A eutectic system or eutectic mixture is a type of a homogeneous mixture that has a melting point lower than those of the constituents. The lowest possible melting point over all of the mixing ratios of the constituents is called the eutectic temperature. On a phase diagram, the eutectic temperature is seen as the eutectic point.
Non-eutectic mixture ratios have different melting temperatures for their different constituents, since one component's lattice will melt at a lower temperature than the other's. Conversely, as a non-eutectic mixture cools down, each of its components solidifies into a lattice at a different temperature, until the entire mass is solid. A non-eutectic mixture thus does not have a single melting/freezing point temperature at which it changes phase, but rather a temperature at which it changes between liquid and slush and a lower temperature at which it changes between slush and solid.
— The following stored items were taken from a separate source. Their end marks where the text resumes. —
lemma admissible_monomial_L_mono:
  assumes "admissible_monomial m M" "M' \<in> Poly_Mapping.keys (L_mono M c)"
  shows "admissible_monomial (Suc m) M'"
proof -
  obtain a b where ab: "a \<in># M" "b \<in># M" and M': "M' + {#a, b#} = M + {#a + 1, b + 1#}"
    using keys_L_mono[OF assms(2)] .
  have size: "size M' = size M" and sum: "sum_mset M' = sum_mset M + 2"
    using arg_cong[OF M', of size] arg_cong[OF M', of sum_mset] by simp_all
  have "2 \<le> i \<and> i + size M' \<le> Suc m + 2" if "i \<in># M'" for i
  proof -
    have "i \<in># M + {#a + 1, b + 1#}" using that M' by (metis union_iff)
    then obtain j where "j \<in># M" "j \<le> i" "i \<le> j + 1" using ab by auto
    then show ?thesis using assms(1) size unfolding admissible_monomial_def by fastforce
  qed
  then show ?thesis using assms(1) size sum unfolding admissible_monomial_def by simp
qed

lemma admissible_monomial_H_mono:
  assumes "admissible_monomial m M" "M' \<in> Poly_Mapping.keys (H_mono M c)"
  shows "admissible_monomial (Suc m) M'"
proof -
  obtain a l where a: "a \<in># M" and l: "1 \<le> l" "l < a"
    and M': "M' = M - {#a#} + {#1 + l, 1 + a - l#}"
    using keys_H_mono[OF assms(2)] .
  define N where "N = M - {#a#}"
  have M: "M = add_mset a N" using a by (simp add: N_def)
  have size: "size M' = size M + 1" and sum: "sum_mset M' = sum_mset M + 2"
    using l by (simp_all add: M' M N_def[symmetric])
  have "2 \<le> i \<and> i + size M' \<le> Suc m + 2" if "i \<in># M'" for i
  proof -
    have bound: "2 \<le> j \<and> j + size M \<le> m + 2" if "j \<in># M" for j
      using assms(1) that unfolding admissible_monomial_def by blast
    have "i \<in># M \<or> i = 1 + l \<or> i = 1 + a - l" using that M' by (auto dest: in_diffD)
    then show ?thesis
    proof (elim disjE)
      assume "i \<in># M"
      then show ?thesis using bound[of i] size by simp
    next
      assume "i = 1 + l"
      then show ?thesis using bound[OF a] size l by simp
    next
      assume "i = 1 + a - l"
      then show ?thesis using bound[OF a] size l by simp linarith
    qed
  qed
  then show ?thesis using assms(1) size sum unfolding admissible_monomial_def by simp
qed

lemma admissible_monomial_A_poly:
  assumes "2 \<le> n" "M \<in> Poly_Mapping.keys (A_poly n)"
  shows "admissible_monomial (Suc n) M"
proof -
  obtain k where k: "1 \<le> k" "k \<le> n - 1" and M: "M = {#1 + k, 1 + n - k, n#}"
    using subsetD[OF keys_sum_single assms(2)[unfolded A_poly_def]] by auto
  have "1 + k \<le> n" "2 \<le> 1 + n - k" "1 + n - k \<le> n" using k assms(1) by auto
  then show ?thesis by (simp add: admissible_monomial_def M)
qed

lemma admissible_monomial_R_poly:
  "M \<in> Poly_Mapping.keys (R_poly m) \<Longrightarrow> admissible_monomial m M"
proof (induction m arbitrary: M)
  case 0
  then show ?case by simp
next
  case (Suc n)
  show ?case
  proof (cases "n < 2")
    case True
    with Suc.prems show ?thesis by simp
  next
    case False
    then have "M \<in> Poly_Mapping.keys (A_poly n) \<union> Poly_Mapping.keys (L_op (R_poly n))
        \<union> Poly_Mapping.keys (H_op (R_poly n))"
      using Suc.prems by (auto dest!: subsetD[OF keys_add])
    then show ?thesis
    proof (elim UnE)
      assume "M \<in> Poly_Mapping.keys (A_poly n)"
      with False show ?thesis by (simp add: admissible_monomial_A_poly)
    next
      assume "M \<in> Poly_Mapping.keys (L_op (R_poly n))"
      then show ?thesis
        unfolding L_op_def using Suc.IH admissible_monomial_L_mono by (blast dest: keys_lin_ext)
    next
      assume "M \<in> Poly_Mapping.keys (H_op (R_poly n))"
      then show ?thesis
        unfolding H_op_def using Suc.IH admissible_monomial_H_mono by (blast dest: keys_lin_ext)
    qed
  qed
qed

definition nonpos_int :: "rat \<Rightarrow> bool" where
  "nonpos_int q \<longleftrightarrow> q \<in> \<int> \<and> q \<le> 0"

lemma nonpos_int_sum: "(\<And>x. x \<in> X \<Longrightarrow> nonpos_int (f x)) \<Longrightarrow> nonpos_int (sum f X)"
  unfolding nonpos_int_def by (auto intro: sum_nonpos Ints_sum)

lemma nonpos_int_lookup_single: "nonpos_int c \<Longrightarrow> nonpos_int (Poly_Mapping.lookup (Poly_Mapping.single k c) M)"
  by (simp add: lookup_single when_def nonpos_int_def)

lemma nonpos_int_lookup_L_mono: "nonpos_int c \<Longrightarrow> nonpos_int (Poly_Mapping.lookup (L_mono m c) M)"
  unfolding L_mono_def Let_def lookup_sum by (intro nonpos_int_sum nonpos_int_lookup_single)

lemma nonpos_int_lookup_A_poly: "nonpos_int (Poly_Mapping.lookup (A_poly n) M)"
  unfolding A_poly_def lookup_sum
  by (intro nonpos_int_sum nonpos_int_lookup_single) (simp add: nonpos_int_def)

lemma nonpos_int_lookup_L_op:
  assumes "\<And>M'. size M' = size M \<Longrightarrow> nonpos_int (Poly_Mapping.lookup p M')"
  shows "nonpos_int (Poly_Mapping.lookup (L_op p) M)"
  unfolding L_op_def lookup_lin_ext
proof (rule nonpos_int_sum)
  fix m
  show "nonpos_int (Poly_Mapping.lookup (L_mono m (Poly_Mapping.lookup p m)) M)"
  proof (cases "size m = size M")
    case True
    then show ?thesis using assms nonpos_int_lookup_L_mono by simp
  next
    case False
    have "M \<notin> Poly_Mapping.keys (L_mono m (Poly_Mapping.lookup p m))"
    proof
      assume "M \<in> Poly_Mapping.keys (L_mono m (Poly_Mapping.lookup p m))"
      then obtain a b where "M + {#a, b#} = m + {#a + 1, b + 1#}" by (rule keys_L_mono)
      from arg_cong[OF this, of size] False show False by simp
    qed
    then show ?thesis by (simp add: in_keys_iff nonpos_int_def)
  qed
qed

lemma lookup_H_op_eq_0:
  assumes "\<And>m. m \<in> Poly_Mapping.keys p \<Longrightarrow> size M \<le> size m"
  shows "Poly_Mapping.lookup (H_op p) M = 0"
  unfolding H_op_def lookup_lin_ext
proof (rule sum.neutral, rule ballI)
  fix m assume m: "m \<in> Poly_Mapping.keys p"
  have "M \<notin> Poly_Mapping.keys (H_mono m (Poly_Mapping.lookup p m))"
  proof
    assume "M \<in> Poly_Mapping.keys (H_mono m (Poly_Mapping.lookup p m))"
    then obtain a l where "a \<in># m" "M = m - {#a#} + {#1 + l, 1 + a - l#}"
      by (rule keys_H_mono)
    then have "size M = size m + 1" by (auto dest!: multi_member_split)
    with assms[OF m] show False by simp
  qed
  then show "Poly_Mapping.lookup (H_mono m (Poly_Mapping.lookup p m)) M = 0"
    by (simp add: in_keys_iff)
qed

lemma lookup_R_poly_Suc_cubic:
  assumes "2 \<le> n" "size M = 3"
  shows "Poly_Mapping.lookup (R_poly (Suc n)) M
       = Poly_Mapping.lookup (A_poly n) M + Poly_Mapping.lookup (L_op (R_poly n)) M"
proof -
  have "Poly_Mapping.lookup (H_op (R_poly n)) M = 0"
    using assms(2) admissible_monomial_R_poly
    by (intro lookup_H_op_eq_0) (simp add: admissible_monomial_def)
  then show ?thesis using assms(1) by (simp add: lookup_add)
qed

lemma nonpos_int_lookup_R_poly_cubic:
  "size M = 3 \<Longrightarrow> nonpos_int (Poly_Mapping.lookup (R_poly m) M)"
proof (induction m arbitrary: M)
  case 0
  then show ?case by (simp add: nonpos_int_def)
next
  case (Suc n)
  show ?case
  proof (cases "n < 2")
    case True
    then show ?thesis by (simp add: nonpos_int_def)
  next
    case False
    have R: "Poly_Mapping.lookup (R_poly (Suc n)) M
       = Poly_Mapping.lookup (A_poly n) M + Poly_Mapping.lookup (L_op (R_poly n)) M"
      using False Suc.prems by (intro lookup_R_poly_Suc_cubic) simp_all
    have "nonpos_int (Poly_Mapping.lookup (L_op (R_poly n)) M)"
      using Suc by (intro nonpos_int_lookup_L_op) simp
    then show ?thesis
      using nonpos_int_lookup_A_poly[of n M] unfolding R nonpos_int_def by simp
  qed
qed

lemma lookup_a_poly:
  "Poly_Mapping.lookup (a_poly n) M =
     (if count M n = 0 then Poly_Mapping.lookup (R_poly (Suc n)) (add_mset n M) else 0)"
proof -
  define p where "p = R_poly (Suc n)"
  define S where "S = {m \<in> Poly_Mapping.keys p. count m n = 1}"
  have a_sum: "Poly_Mapping.lookup (a_poly n) M
      = (\<Sum>m\<in>S. if m - {#n#} = M then Poly_Mapping.lookup p m else 0)"
    unfolding a_poly_def Let_def p_def[symmetric] S_def[symmetric] lookup_sum lookup_single when_def
    by (simp add: eq_commute)
  have remove_n: "m - {#n#} = M \<longleftrightarrow> count M n = 0 \<and> m = add_mset n M" if "m \<in> S" for m
  proof -
    have "count m n = 1" using that by (simp add: S_def)
    then have "m = add_mset n (m - {#n#})" "count (m - {#n#}) n = 0"
      by (simp_all add: insert_DiffM count_greater_zero_iff[symmetric])
    then show ?thesis by auto
  qed
  show ?thesis
  proof (cases "count M n = 0")
    case True
    have "Poly_Mapping.lookup (a_poly n) M = (\<Sum>m\<in>S. if m = add_mset n M then Poly_Mapping.lookup p m else 0)"
      unfolding a_sum using remove_n True by (intro sum.cong) simp_all
    also have "\<dots> = Poly_Mapping.lookup p (add_mset n M)"
      using True by (simp add: S_def in_keys_iff)
    finally show ?thesis using True by (simp add: p_def)
  next
    case False
    have "(\<Sum>m\<in>S. if m - {#n#} = M then Poly_Mapping.lookup p m else 0) = 0"
      using remove_n False by (intro sum.neutral) auto
    then show ?thesis unfolding if_not_P[OF False] a_sum .
  qed
qed

lemma size_2_mset:
  assumes "size M = 2"
  shows "\<exists>a b. M = {#a, b#}"
proof -
  obtain a N where "M = add_mset a N"
    using size_eq_Suc_imp_eq_union[of M 1] assms by auto
  moreover obtain b where "N = {#b#}"
    using size_1_singleton_mset[of N] assms calculation by auto
  ultimately show ?thesis by blast
qed

lemma keys_a_poly:
  assumes "M \<in> Poly_Mapping.keys (a_poly n)"
  obtains a where "3 \<le> a" "a \<le> n - 1" "M = {#a, n + 2 - a#}"
proof -
  have n: "count M n = 0" and "add_mset n M \<in> Poly_Mapping.keys (R_poly (Suc n))"
    using assms by (auto simp: in_keys_iff lookup_a_poly split: if_splits)
  from this(2) have adm: "admissible_monomial (Suc n) (add_mset n M)"
    by (rule admissible_monomial_R_poly)
  then have "size M = 2" by (simp add: admissible_monomial_def)
  then obtain a b where M: "M = {#a, b#}" using size_2_mset by blast
  have "a \<noteq> n" "b \<noteq> n" using n by (auto simp: M split: if_splits)
  moreover have "2 \<le> a" "a \<le> n" "2 \<le> b" "b \<le> n" "a + b = n + 2"
    using adm by (simp_all add: admissible_monomial_def M)
  ultimately show ?thesis by (intro that[of a]) (simp_all add: M)
qed

lemma lookup_a_poly_Ints: "Poly_Mapping.lookup (a_poly n) M \<in> \<int>"
proof (cases "M \<in> Poly_Mapping.keys (a_poly n)")
  case True
  then obtain a where "M = {#a, n + 2 - a#}" by (rule keys_a_poly)
  then have "nonpos_int (Poly_Mapping.lookup (R_poly (Suc n)) (add_mset n M))"
    by (intro nonpos_int_lookup_R_poly_cubic) simp
  then show ?thesis by (simp add: lookup_a_poly nonpos_int_def)
next
  case False
  then show ?thesis by (simp add: in_keys_iff)
qed

lemma lookup_A_poly_neg:
  assumes "1 \<le> k" "k \<le> n - 1"
  shows "Poly_Mapping.lookup (A_poly n) {#1 + k, 1 + n - k, n#} < 0"
proof -
  define f where "f j = (if {#1 + j, 1 + n - j, n#} = {#1 + k, 1 + n - k, n#}
    then - rat_of_nat (n choose j) else 0)" for j
  have k: "k \<in> {1..n - 1}" using assms by simp
  have "Poly_Mapping.lookup (A_poly n) {#1 + k, 1 + n - k, n#} = (\<Sum>j\<in>{1..n - 1}. f j)"
    unfolding A_poly_def lookup_sum lookup_single when_def f_def by simp
  also have "\<dots> = f k + (\<Sum>j\<in>{1..n - 1} - {k}. f j)"
    using k by (simp add: sum.remove)
  also have "\<dots> \<le> f k"
    by (simp add: sum_nonpos f_def)
  also have "f k < 0"
    using assms by (simp add: f_def)
  finally show ?thesis .
qed

lemma lookup_a_poly_antidiagonal_neg:
  assumes "3 \<le> a" "a \<le> n - 1"
  shows "Poly_Mapping.lookup (a_poly n) {#a, n + 2 - a#} < 0"
proof -
  have M: "{#n, a, n + 2 - a#} = {#1 + (a - 1), 1 + n - (a - 1), n#}"
    using assms by (simp add: add_mset_commute)
  have "count {#a, n + 2 - a#} n = 0" using assms by auto
  then have "Poly_Mapping.lookup (a_poly n) {#a, n + 2 - a#}
      = Poly_Mapping.lookup (R_poly (Suc n)) {#n, a, n + 2 - a#}"
    by (simp add: lookup_a_poly del: R_poly.simps)
  also have "\<dots> = Poly_Mapping.lookup (A_poly n) {#n, a, n + 2 - a#}
      + Poly_Mapping.lookup (L_op (R_poly n)) {#n, a, n + 2 - a#}"
    using assms by (intro lookup_R_poly_Suc_cubic) simp_all
  also have "\<dots> \<le> Poly_Mapping.lookup (A_poly n) {#n, a, n + 2 - a#}"
  proof -
    have "nonpos_int (Poly_Mapping.lookup (L_op (R_poly n)) {#n, a, n + 2 - a#})"
      by (intro nonpos_int_lookup_L_op nonpos_int_lookup_R_poly_cubic) simp
    then show ?thesis by (simp add: nonpos_int_def)
  qed
  also have "\<dots> < 0"
    unfolding M using assms by (intro lookup_A_poly_neg) simp_all
  finally show ?thesis .
qed

lemma polar_form_eq_sum:
  "polar_form p x y = (\<Sum>M\<in>Poly_Mapping.keys p. of_rat (Poly_Mapping.lookup p M) *
      ((\<Prod>i\<in>#M. x i + y i) - (\<Prod>i\<in>#M. x i) - (\<Prod>i\<in>#M. y i))) / 2"
  unfolding polar_form_def eval_tpoly_def
  by (simp add: sum_subtractf[symmetric] right_diff_distrib)
(* For every ideal $\mathcal I$ on $\omega$ and every cardinal $\kappa$, each of the classes $(\mathcal I\text{-p},\mathcal I\text{-}\sigma\text{-u})$, $(\mathcal I\text{-p},\mathcal I\text{-qn})$ and $(\mathcal I\text{-qn},\mathcal I\text{-}\sigma\text{-u})$ contains a space of cardinality $\kappa$.
   Context: An ideal on $\omega$ is a family $\mathcal I\subseteq\mathcal P(\omega)$ closed under finite unions and subsets, containing all finite sets, with $\omega\notin\mathcal I$. A real sequence $(a_n)$ is $\mathcal I$-convergent to $0$ if $\{n:|a_n|\ge\varepsilon\}\in\mathcal I$ for all $\varepsilon>0$. For a sequence $(f_n)$ of real functions on a set $X$: $\mathcal I$-p means $(f_n(x))$ is $\mathcal I$-convergent to $0$ for each $x$; $\mathcal I$-u means $\{n:\exists x\in X\,(|f_n(x)|\ge\varepsilon)\}\in\mathcal I$ for each $\varepsilon>0$; $\mathcal I$-$\sigma$-u means $X=\bigcup_{k\in\omega}X_k$ with $(f_n\restriction X_k)$ $\mathcal I$-u convergent to $0$ for each $k$; $\mathcal I$-qn means there is a sequence $(\varepsilon_n)$ of positive reals $\mathcal I$-convergent to $0$ with $\{n:|f_n(x)|\ge\varepsilon_n\}\in\mathcal I$ for each $x$. $\mathcal C(X)$ = continuous real functions on $X$. Normal space = Hausdorff space in which disjoint closed sets have disjoint open neighbourhoods. $(\alpha,\beta)$ is the class of normal spaces $X$ such that for all sequences $(f_n)$ in $\mathcal C(X)$, $f_n\to0$ in sense $\alpha$ iff in sense $\beta$. *)

theory Defs
  imports "HOL-Analysis.Analysis" "HOL-Library.Equipollence"
begin

definition ideal_on :: "nat set set \<Rightarrow> bool" where
  "ideal_on I \<equiv> (\<forall>A\<in>I. \<forall>B\<in>I. A \<union> B \<in> I) \<and> (\<forall>A\<in>I. \<forall>B. B \<subseteq> A \<longrightarrow> B \<in> I)
     \<and> (\<forall>A. finite A \<longrightarrow> A \<in> I) \<and> UNIV \<notin> I"

definition I_conv0 :: "nat set set \<Rightarrow> (nat \<Rightarrow> real) \<Rightarrow> bool" where
  "I_conv0 I a \<equiv> \<forall>\<epsilon>>0. {n. \<bar>a n\<bar> \<ge> \<epsilon>} \<in> I"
In the real world, eutectic properties can be used to advantage in such processes as eutectic bonding, where silicon chips are bonded to gold-plated substrates with ultrasound, and eutectic alloys prove valuable in such diverse applications as soldering, brazing, metal casting, electrical protection, fire sprinkler systems, and nontoxic mercury substitutes.
The term was coined in 1884 by the British physicist and chemist Frederick Guthrie. The word originates. Before his studies, chemists assumed "that the alloy of minimum fusing point must have its constituents in some simple atomic proportions", but he showed that that is not always true.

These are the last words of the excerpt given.